El absentismo laboral se ha convertido en una de las principales
preocupaciones de las empresas españolas y de los departamentos de Recursos
Humanos. La expansión del teletrabajo, los modelos híbridos y fenómenos
recientes como la “Gran Renuncia” o la llamada “renuncia silenciosa” han
incrementado la atención sobre un problema que impacta directamente en la
productividad, el clima laboral y los costes empresariales.
El absentismo se refiere a las ausencias del trabajador durante su jornada
laboral de manera inesperada. Sin embargo, no debe confundirse únicamente con
faltas injustificadas, ya que también incluye bajas médicas, permisos
retribuidos, maternidad, adopciones o conflictos laborales.
Aunque no existen estadísticas oficiales específicas sobre absentismo, los
datos más utilizados proceden de la Encuesta Trimestral de Coste Laboral (ETCL)
del Instituto Nacional de Estadística (INE), que analiza el tiempo de trabajo
en más de 28.500 centros laborales de toda España.
Los datos reflejan una tendencia creciente y preocupante. Según cálculos de
la patronal de mutuas, el coste total del absentismo alcanzó en 2024 los 28.987
millones de euros, un 14,5% más que el año anterior y casi un 186% más que hace
una década. Esta cifra incluye tanto las prestaciones económicas asumidas por
la Seguridad Social como los gastos directos que deben afrontar las empresas
para cubrir las ausencias de sus trabajadores. Además, las bajas laborales de
larga duración se han disparado: más de 133.000 procesos superaron el año de
duración, una cifra récord.
La tasa de absentismo en España alcanzó el 7,5% en 2024, lo que significa
que más de 1,18 millones de trabajadores no acudieron ni una sola hora a su
puesto durante el tercer trimestre del aquel año. La incapacidad temporal
continúa siendo la principal causa de ausencia laboral. Por comunidades
autónomas, Baleares registró la menor tasa de absentismo, con un 4,7%, seguida
de Canarias y Andalucía. En el lado opuesto se situaron País Vasco, Navarra y
Murcia, con los niveles más elevados de ausencias laborales. Castilla-La Mancha
mantiene una tasa de absentismo laboral inferior a la media nacional, aunque el
fenómeno continúa creciendo. Durante 2024, el índice regional se movió entre el
6,1% y el 6,5%, impulsado principalmente por las bajas médicas por incapacidad
temporal.
El fuerte impacto económico del absentismo laboral
Entre los costes más importantes destacan la pérdida de productividad, el
pago de sustituciones y horas extraordinarias, así como los retrasos en la
ejecución de proyectos y servicios. Cuando un trabajador falta de manera
continuada, las empresas se ven obligadas a redistribuir tareas entre el resto
de la plantilla, lo que genera sobrecarga laboral y un descenso general del
rendimiento.
En sectores con gran dependencia de la presencia física, como la industria,
la logística, la hostelería o los supermercados, el impacto es todavía mayor.

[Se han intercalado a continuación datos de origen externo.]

(* Let $r \in \mathbb{Q}_{>0}$ be such that $S_r$ is atomic. Then for every $k \in \mathbb{N}$, $\mathcal{U}_k(S_r)$ is an arithmetic progression containing $k$ with difference $|\mathsf{n}(r) - \mathsf{d}(r)|$. More precisely: (1) If $r < 1$, then $\mathcal{U}_k(S_r) = \{k\}$ if $k < \mathsf{n}(r)$; $\mathcal{U}_k(S_r) = \{k + j(\mathsf{d}(r) - \mathsf{n}(r)) : j \in \mathbb{N}_0\}$ if $\mathsf{n}(r) \le k < \mathsf{d}(r)$; and $\mathcal{U}_k(S_r) = \{k + j(\mathsf{d}(r) - \mathsf{n}(r)) : j \in \mathbb{Z}, j \ge \ell\}$ for some negative integer $\ell$ if $k \ge \mathsf{d}(r)$. (2) If $r \in \mathbb{Q}_{>1} \setminus \mathbb{N}$, then $\mathcal{U}_k(S_r) = \{k\}$ if $k < \mathsf{d}(r)$; $\mathcal{U}_k(S_r) = \{k + j(\mathsf{n}(r) - \mathsf{d}(r)) : j \in \mathbb{N}_0\}$ if $\mathsf{d}(r) \le k < \mathsf{n}(r)$; and $\mathcal{U}_k(S_r) = \{k + j(\mathsf{n}(r) - \mathsf{d}(r)) : j \in \mathbb{Z}, j \ge \ell\}$ for some negative integer $\ell$ if $k \ge \mathsf{n}(r)$. (3) If $r \in \mathbb{N}$, then $\mathcal{U}_k(S_r) = \{k\}$ for every $k \in \mathbb{N}$.
   Context: For $q \in \mathbb{Q}_{>0}$, $\mathsf{n}(q),\mathsf{d}(q)$ are the positive coprime integers with $q = \mathsf{n}(q)/\mathsf{d}(q)$. $S_r$ is the additive submonoid of $(\mathbb{Q}_{\ge 0},+)$ generated by $\{r^n : n \in \mathbb{N}_0\}$; it is atomic exactly when $r=1$ or $\mathsf{n}(r)>1$ (then for $r \notin \mathbb{N}$ its atoms are the $r^n$, $n\in\mathbb{N}_0$; for $r \in \mathbb{N}$, $S_r=\mathbb{N}_0$). $\mathsf{L}(x)$ denotes the set of lengths of factorizations of $x$ into atoms. For $k \in \mathbb{N}$, $\mathcal{U}_k(S_r)$ is the set of $\ell \in \mathbb{N}$ for which there exist atoms $a_1,\dots,a_k,b_1,\dots,b_\ell$ with $a_1+\dots+a_k = b_1 + \dots + b_\ell$; equivalently, the union of all sets $\mathsf{L}(x)$, $x \in S_r$, containing $k$. *)

theory Defs
  imports Complex_Main
begin

definition numr :: "rat \<Rightarrow> int" where "numr q = fst (quotient_of q)"
definition denr :: "rat \<Rightarrow> int" where "denr q = snd (quotient_of q)"

inductive_set S :: "rat \<Rightarrow> rat set" for r :: rat where
  zero: "0 \<in> S r"
| step: "x \<in> S r \<Longrightarrow> x + r ^ n \<in> S r"

text \<open>atoms of an additive submonoid M of Q_{>=0} (its only unit is 0)\<close>
definition atoms :: "rat set \<Rightarrow> rat set" where
  "atoms M = {a \<in> M. a \<noteq> 0 \<and> (\<forall>b\<in>M. \<forall>c\<in>M. a = b + c \<longrightarrow> b = 0 \<or> c = 0)}"

definition atomic :: "rat set \<Rightarrow> bool" where
  "atomic M \<longleftrightarrow> (\<forall>x\<in>M. x \<noteq> 0 \<longrightarrow> (\<exists>as. as \<noteq> [] \<and> set as \<subseteq> atoms M \<and> sum_list as = x))"

definition U :: "nat \<Rightarrow> rat set \<Rightarrow> nat set" where
  "U k M = {l. l \<ge> 1 \<and> (\<exists>as bs. length as = k \<and> length bs = l \<and> set as \<subseteq> atoms M
              \<and> set bs \<subseteq> atoms M \<and> sum_list as = sum_list bs)}"

end

theory Submission
  imports Defs
begin

text \<open>
Write an element of \<open>S\<^sub>r\<close> through the multiplicities \<open>c\<^sub>i\<close> of the atoms \<open>r\<^sup>i\<close> in one of
its factorizations, so that its value is \<open>\<Sum> c\<^sub>i r\<^sup>i\<close> and the length of the factorization is
\<open>\<Sum> c\<^sub>i\<close>. With \<open>r = n/d\<close> in lowest terms, the relation \<open>d r = n\<close> lets one trade \<open>n\<close> copies of
\<open>r\<^sup>i\<close> for \<open>d\<close> copies of \<open>r\<^sup>i\<^sup>+\<^sup>1\<close>, changing the length by \<open>n - d\<close>; conversely, clearing
denominators shows that two factorizations of the same element have lengths congruent
modulo \<open>n - d\<close>. If all multiplicities are below \<open>min n d\<close> no trade is possible and the
factorization is unique; if they are below \<open>max n d\<close> it has minimal length. Reversing coefficient lists shows that \<open>S\<^sub>r\<close> and \<open>S\<^sub>1\<^sub>/\<^sub>r\<close> have
the same sets \<open>\<U>\<^sub>k\<close>, so it suffices to treat \<open>r > 1\<close>.
\<close>

section \<open>Coefficient lists\<close>

text \<open>\<open>horner r cs\<close> is the element with \<open>cs ! i\<close> copies of the atom \<open>r ^ i\<close>.\<close>

fun horner :: "rat \<Rightarrow> nat list \<Rightarrow> rat" where
  "horner r [] = 0"
| "horner r (c # cs) = of_nat c + r * horner r cs"

lemma horner_append: "horner r (xs @ ys) = horner r xs + r ^ length xs * horner r ys"
  by (induction xs) (auto simp: algebra_simps)

lemma horner_replicate_0 [simp]: "horner r (replicate m 0) = 0"
  by (induction m) auto

lemma horner_append_zeros: "horner r (xs @ replicate m 0) = horner r xs"
  by (simp add: horner_append)

lemma horner_shift: "horner r (replicate m 0 @ cs) = r ^ m * horner r cs"
  by (simp add: horner_append)

lemma horner_nonneg: "r \<ge> 0 \<Longrightarrow> horner r cs \<ge> 0"
  by (induction cs) auto

lemma horner_eq_0_iff:
  assumes "r > 0"
  shows "horner r cs = 0 \<longleftrightarrow> sum_list cs = 0"
proof (induction cs)
  case (Cons c cs)
  have "horner r cs \<ge> 0"
    using assms by (simp add: horner_nonneg)
  with assms Cons.IH show ?case
    by (auto simp: add_nonneg_eq_0_iff)
qed simp

lemma horner_rev: "horner (inverse r) (rev xs) * r ^ length xs = r * horner r xs"
proof (induction xs)
  case (Cons x xs)
  show ?case
  proof (cases "r = 0")
    case False
    have "horner (inverse r) (rev (x # xs)) * r ^ length (x # xs)
        = r * (horner (inverse r) (rev xs) * r ^ length xs)
          + of_nat x * (inverse r ^ length xs * r ^ length xs) * r"
      by (simp add: horner_append algebra_simps)
    also have "\<dots> = r * (r * horner r xs) + of_nat x * r"
      using Cons False by (simp add: power_mult_distrib[symmetric])
    finally show ?thesis
      by (simp add: algebra_simps)
  qed simp
qed simp

fun add_atom :: "nat \<Rightarrow> nat list \<Rightarrow> nat list" where
  "add_atom 0 [] = [1]"
| "add_atom 0 (c # cs) = Suc c # cs"
| "add_atom (Suc e) [] = 0 # add_atom e []"
| "add_atom (Suc e) (c # cs) = c # add_atom e cs"

lemma horner_add_atom: "horner r (add_atom e cs) = horner r cs + r ^ e"
  by (induction e cs rule: add_atom.induct) (auto simp: algebra_simps)

lemma sum_list_add_atom: "sum_list (add_atom e cs) = Suc (sum_list cs)"
  by (induction e cs rule: add_atom.induct) auto

fun exponents :: "nat list \<Rightarrow> nat list" where
  "exponents [] = []"
| "exponents (c # cs) = replicate c 0 @ map Suc (exponents cs)"

lemma length_exponents: "length (exponents cs) = sum_list cs"
  by (induction cs) auto

lemma sum_list_power_exponents: "sum_list (map ((^) r) (exponents cs)) = horner r cs"
proof (induction cs)
  case (Cons c cs)
  have "sum_list (map ((^) r) (map Suc (exponents cs))) = r * sum_list (map ((^) r) (exponents cs))"
    by (simp add: o_def sum_list_const_mult[symmetric])
  with Cons show ?case
    by (simp add: sum_list_replicate)
qed simp

lemma ex_coeffs_of_exponents:
  "\<exists>cs. horner r cs = sum_list (map ((^) r) es) \<and> sum_list cs = length es"
proof (induction es)
  case Nil
  show ?case
    by (intro exI[of _ "[]"]) simp
next
  case (Cons e es)
  then obtain cs where "horner r cs = sum_list (map ((^) r) es)" "sum_list cs = length es"
    by blast
  then show ?case
    by (intro exI[of _ "add_atom e cs"]) (simp add: horner_add_atom sum_list_add_atom)
qed

section \<open>The monoid and its atoms\<close>

lemma S_eq_range_horner: "S r = range (horner r)"
proof (intro set_eqI iffI)
  fix x assume "x \<in> S r"
  then show "x \<in> range (horner r)"
  proof (induction rule: S.induct)
    case zero
    show ?case
      by (metis horner.simps(1) rangeI)
  next
    case (step x e)
    then obtain cs where "x = horner r cs"
      by blast
    then show ?case
      by (metis horner_add_atom rangeI)
  qed
next
  have "sum_list (map ((^) r) es) \<in> S r" for es
  proof (induction es)
    case (Cons e es)
    then show ?case
      using S.step[OF Cons, of e] by (simp add: add.commute)
  qed (simp add: S.zero)
  then show "x \<in> S r" if "x \<in> range (horner r)" for x
    using that by (metis imageE sum_list_power_exponents)
qed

Las cadenas de distribución, por ejemplo, han soportado costes superiores a los
1.000 millones de euros derivados de bajas por contingencias comunes. A ello se
suma la dificultad para cubrir puestos especializados o turnos en momentos de
alta demanda.
El absentismo también afecta a la capacidad de planificación de las
empresas. Las ausencias imprevistas obligan a reorganizar continuamente equipos
y horarios, dificultando el cumplimiento de objetivos y aumentando la
incertidumbre operativa. En pequeñas y medianas empresas, donde las plantillas
son más reducidas, la ausencia de uno o varios empleados puede paralizar
parcialmente la actividad.
El absentismo también deteriora el clima laboral. La sobrecarga de trabajo
para los empleados que deben cubrir ausencias provoca tensiones internas,
pérdida de motivación y mayor rotación de personal. Las empresas alertan además
del riesgo de empeoramiento del llamado “employer branding”, es decir, la
imagen de la compañía como lugar atractivo para trabajar.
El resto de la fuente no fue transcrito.